With the advent of cable, we were given a broader selection of programming. I can still remember the cable box (and I mean an actual box with twenty actual buttons on it that attached to the TV like a giant, wired remote control) being installed for the first time. There was NBC, ABC, CBS... and then there was boobs and the F-Word! I imagine that my first experience with Cinemax was very similar to what religious people refer to when they speak of an "epiphany." It was amazing! Those crazy kids at Stewardess School just couldn't keep their tops on...
But beyond boobs and curses, we were allowed to see some programming that couldn't (or wouldn't) be embraced by the networks. I still rank the first time I saw Robert Klein do an hour of stand-up (an HOUR!) on HBO as one of the seminal moments of my life. Here was a guy being entertaining for an entire hour just by talking into a microphone.

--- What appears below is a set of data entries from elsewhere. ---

lemma uniform_limit_hadamard:
  assumes f: "f holomorphic_on ball 0 R" "1 < R"
    and hs: "\<And>n. hs n holomorphic_on ball 0 1" and h: "h holomorphic_on ball 0 1"
    and lim: "\<And>t. t < 1 \<Longrightarrow> uniform_limit (cball 0 t) hs h sequentially"
    and s: "s < 1"
  shows "uniform_limit (cball 0 s) (\<lambda>n. hadamard f (hs n)) (hadamard f h) sequentially"
proof (rule uniform_limitI)
  fix e :: real assume e: "0 < e"
  define t where "t = max s (1 / 2)"
  define \<rho> where "\<rho> = (1 + R) / 2"
  have t: "0 < t" "t < 1" "s \<le> t"
    using s by (auto simp: t_def)
  have \<rho>: "1 < \<rho>" "\<rho> < R"
    using f(2) by (auto simp: \<rho>_def)
  obtain A where A: "\<And>k. norm (coeffA f k) \<le> A / \<rho> ^ k"
    by (rule coeffA_geometric_bound[OF f(1), of \<rho>]) (use \<rho> in auto)
  define C where "C = A * (\<rho> / (\<rho> - 1))"
  define \<delta> where "\<delta> = e / (C + 1)"
  have "0 \<le> C"
    using A[of 0] \<rho> by (simp add: C_def order_trans[OF norm_ge_zero])
  then have \<delta>: "0 < \<delta>" "C * \<delta> < e"
    using e by (simp_all add: \<delta>_def field_simps)
  have "\<forall>\<^sub>F n in sequentially. \<forall>w\<in>cball 0 t. dist (hs n w) (h w) < \<delta>"
    using uniform_limitD[OF lim[OF t(2)] \<delta>(1)] .
  then show "\<forall>\<^sub>F n in sequentially. \<forall>z\<in>cball 0 s. dist (hadamard f (hs n) z) (hadamard f h z) < e"
  proof (rule eventually_mono)
    fix n assume close: "\<forall>w\<in>cball 0 t. dist (hs n w) (h w) < \<delta>"
    \<comment> \<open>Cauchy estimates on the circle of radius t turn uniform closeness of hs n and h
      into geometric decay of the coefficients of their difference.\<close>
    have coeff: "norm (coeffA (\<lambda>w. hs n w - h w) k) \<le> \<delta> / t ^ k" for k
      using hs h close t
      by (intro norm_coeffA_le[of _ 1] holomorphic_on_diff) (auto simp: dist_norm intro: less_imp_le)
    show "\<forall>z\<in>cball 0 s. dist (hadamard f (hs n) z) (hadamard f h z) < e"
    proof
      fix z :: complex assume "z \<in> cball 0 s"
      then have z: "norm z \<le> t" "norm z < 1"
        using t by auto
      have "dist (hadamard f (hs n) z) (hadamard f h z) = norm (hadamard f (\<lambda>w. hs n w - h w) z)"
        by (simp add: dist_norm hadamard_diff[OF f hs h z(2)])
      also have "\<dots> \<le> A * \<delta> * (\<rho> / (\<rho> - 1))"
        by (rule hadamard_geometric_estimate(2)[OF A coeff \<rho>(1) t(1) z(1)])
      also have "\<dots> < e"
        using \<delta>(2) by (simp add: C_def mult_ac)
      finally show "dist (hadamard f (hs n) z) (hadamard f h z) < e" .
    qed
  qed
qed

lemma compact_subset_ball_imp_cball:
  fixes K :: "'a::metric_space set"
  assumes "compact K" "K \<subseteq> ball a r"
  obtains s where "s < r" "K \<subseteq> cball a s"
proof (cases "K = {}")
  case True
  then show ?thesis
    using that[of "r - 1"] by simp
next
  case False
  have "continuous_on K (\<lambda>y. dist a y)"
    by (intro continuous_intros)
  then obtain x where "x \<in> K" "\<And>y. y \<in> K \<Longrightarrow> dist a y \<le> dist a x"
    using continuous_attains_sup[OF assms(1) False] by blast
  moreover have "dist a x < r"
    using \<open>x \<in> K\<close> assms(2) by auto
  ultimately show ?thesis
    using that[of "dist a x"] by (auto simp: subset_iff)
qed

lemma Hurwitz_no_zeros_ball:
  assumes hol: "\<And>n. F n holomorphic_on ball a r" "G holomorphic_on ball a r"
    and lim: "\<And>s. s < r \<Longrightarrow> uniform_limit (cball a s) F G sequentially"
    and nz: "\<And>n z. z \<in> ball a r \<Longrightarrow> F n z \<noteq> 0" and "G a \<noteq> 0" and z: "z \<in> ball a r"
  shows "G z \<noteq> 0"
proof (cases "G constant_on ball a r")
  case True
  then obtain c where "\<And>w. w \<in> ball a r \<Longrightarrow> G w = c"
    unfolding constant_on_def by blast
  moreover have "a \<in> ball a r"
    using z by (auto intro: le_less_trans[OF zero_le_dist])
  ultimately show ?thesis
    using \<open>G a \<noteq> 0\<close> z by metis
next
  case False
  show ?thesis
  proof (rule Hurwitz_no_zeros[OF open_ball connected_ball hol _ False nz z])
    fix K assume "compact K" "K \<subseteq> ball a r"
    then obtain s where "s < r" "K \<subseteq> cball a s"
      by (rule compact_subset_ball_imp_cball)
    then show "uniform_limit K F G sequentially"
      using lim uniform_limit_on_subset by blast
  qed
qed

lemma dist_of_real_mult_le:
  assumes "0 \<le> r" "r \<le> 1" "norm (z::complex) \<le> 1"
  shows "dist (of_real r * z) z \<le> 1 - r"
proof -
  have "norm (1 - of_real r :: complex) = 1 - r"
    using assms by (metis abs_of_nonneg diff_ge_0_iff_ge norm_of_real of_real_1 of_real_diff)
  moreover have "of_real r * z - z = - ((1 - of_real r) * z)"
    by (simp add: algebra_simps)
  ultimately have "dist (of_real r * z) z = (1 - r) * norm z"
    by (metis dist_norm norm_minus_cancel norm_mult)
  also have "\<dots> \<le> 1 - r"
    using assms by (simp add: mult_left_le)
  finally show ?thesis .
qed

lemma uniform_limit_Px:
  assumes g: "continuous_on (ball 0 1) g" and t: "t < 1"
  shows "uniform_limit (cball 0 t) (\<lambda>r. Px (of_real r) g) g (at_left 1)"
proof (rule uniform_limitI)
  fix e :: real assume "0 < e"
  have "cball 0 t \<subseteq> ball 0 1"
    using t by auto
  then have "uniformly_continuous_on (cball 0 t) g"
    using g by (intro compact_uniformly_continuous) (auto intro: continuous_on_subset)
  then obtain d where "0 < d"
    and d: "\<And>x x'. x \<in> cball 0 t \<Longrightarrow> x' \<in> cball 0 t \<Longrightarrow> dist x' x < d \<Longrightarrow> dist (g x') (g x) < e"
    using \<open>0 < e\<close> unfolding uniformly_continuous_on_def by metis
  have "\<forall>\<^sub>F r in at_left 1. r \<in> {max 0 (1 - d)<..<1}"
    by (rule eventually_at_left_real) (use \<open>0 < d\<close> in auto)
  then show "\<forall>\<^sub>F r in at_left 1. \<forall>z\<in>cball 0 t. dist (Px (of_real r) g z) (g z) < e"
  proof (rule eventually_mono)
    fix r :: real assume r: "r \<in> {max 0 (1 - d)<..<1}"
    show "\<forall>z\<in>cball 0 t. dist (Px (of_real r) g z) (g z) < e"
    proof
      fix z :: complex assume z: "z \<in> cball 0 t"
      have "r * norm z \<le> norm z"
        using r by (simp add: mult_left_le_one_le)
      then have "of_real r * z \<in> cball 0 t"
        using r z by (simp add: norm_mult)
      moreover have "dist (of_real r * z) z < d"
        using dist_of_real_mult_le[of r z] r z t by force
      ultimately show "dist (Px (of_real r) g z) (g z) < e"
        using d[OF z] by (simp add: Px_def)
    qed
  qed
qed

lemma A_closureI:
  assumes "h \<in> A_space" "F \<noteq> bot" "\<forall>\<^sub>F i in F. hs i \<in> S"
    and lim: "\<And>t. t < 1 \<Longrightarrow> uniform_limit (cball 0 t) hs h F"
  shows "h \<in> A_closure S"
  unfolding A_closure_def
proof (intro CollectI conjI allI impI assms(1))
  fix r e :: real assume "r < 1" "0 < e"
  then have "\<forall>\<^sub>F i in F. hs i \<in> S \<and> (\<forall>z\<in>cball 0 r. dist (hs i z) (h z) < e)"
    using assms(3) uniform_limitD[OF lim] by (simp add: eventually_conj)
  then obtain i where "hs i \<in> S" "\<forall>z\<in>cball 0 r. dist (hs i z) (h z) < e"
    using eventually_happens' assms(2) by blast
  then show "\<exists>g\<in>S. \<forall>z\<in>cball 0 r. cmod (g z - h z) < e"
    by (auto simp: dist_norm)
qed

lemma A_closure_imp_uniform_limit:
  assumes "h \<in> A_closure S"
  obtains hs where "\<And>n. hs n \<in> S" "\<And>t. t < 1 \<Longrightarrow> uniform_limit (cball 0 t) hs h sequentially"
proof -
  define \<epsilon> where "\<epsilon> n = inverse (real (Suc n))" for n
  have "\<forall>n. \<exists>g\<in>S. \<forall>z\<in>cball 0 (1 - \<epsilon> n). cmod (g z - h z) < \<epsilon> n"
    using assms by (simp add: A_closure_def \<epsilon>_def)
  then obtain hs where hs: "\<And>n. hs n \<in> S"
    and close: "\<And>n z. z \<in> cball 0 (1 - \<epsilon> n) \<Longrightarrow> cmod (hs n z - h z) < \<epsilon> n"
    by metis
  have "uniform_limit (cball 0 t) hs h sequentially" if "t < 1" for t
  proof (rule uniform_limitI)
    fix e :: real assume "0 < e"
    have "\<epsilon> \<longlonglongrightarrow> 0"
      unfolding \<epsilon>_def by (rule LIMSEQ_inverse_real_of_nat)
    then have "\<forall>\<^sub>F n in sequentially. \<epsilon> n < min e (1 - t)"
      using \<open>0 < e\<close> \<open>t < 1\<close> by (intro order_tendstoD(2)) auto
    then show "\<forall>\<^sub>F n in sequentially. \<forall>z\<in>cball 0 t. dist (hs n z) (h z) < e"
    proof (rule eventually_mono)
      fix n assume "\<epsilon> n < min e (1 - t)"
      then have "cball 0 t \<subseteq> cball 0 (1 - \<epsilon> n)" "\<epsilon> n < e"
        by auto
      then show "\<forall>z\<in>cball 0 t. dist (hs n z) (h z) < e"
        using close by (fastforce simp: dist_norm)
    qed
  qed
  with hs that show ?thesis
    by blast
qed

I wanted to do that (and if you've seen my complete hour show, you know that I'm almost there).
During the course of my life I've seen cable grow like it was a housewife with a lapsed Curves membership (zing!). And with narrowcasting, I can be assured that if I'm on a channel dedicated to my demographic, my sensibilities will be served to an unprecedented degree. Even the ads will be narrow focused (how did they know I wanted a 7 foot sticky poster of Donovan McNabb to hang on my wall!?)
But I don't have to watch the ads at all thanks to the second major innovation of my lifetime: TiVo. I've written about TiVo before, and my sentiments about the machine are clear: the second they change the silly marriage laws in this country, I'll be making TiVo my bride. Yes I already have a wife and I have a son on the way, but it's worth throwing all of that away because my TiVo understands me. It gets that I don't like advertisements. It feels in its soul that yes, I would like fourteen hours of MythBusters recorded. It knows, sometimes even before I do, that I'd be interested in seeing the 1997 World's Strongest Man competition.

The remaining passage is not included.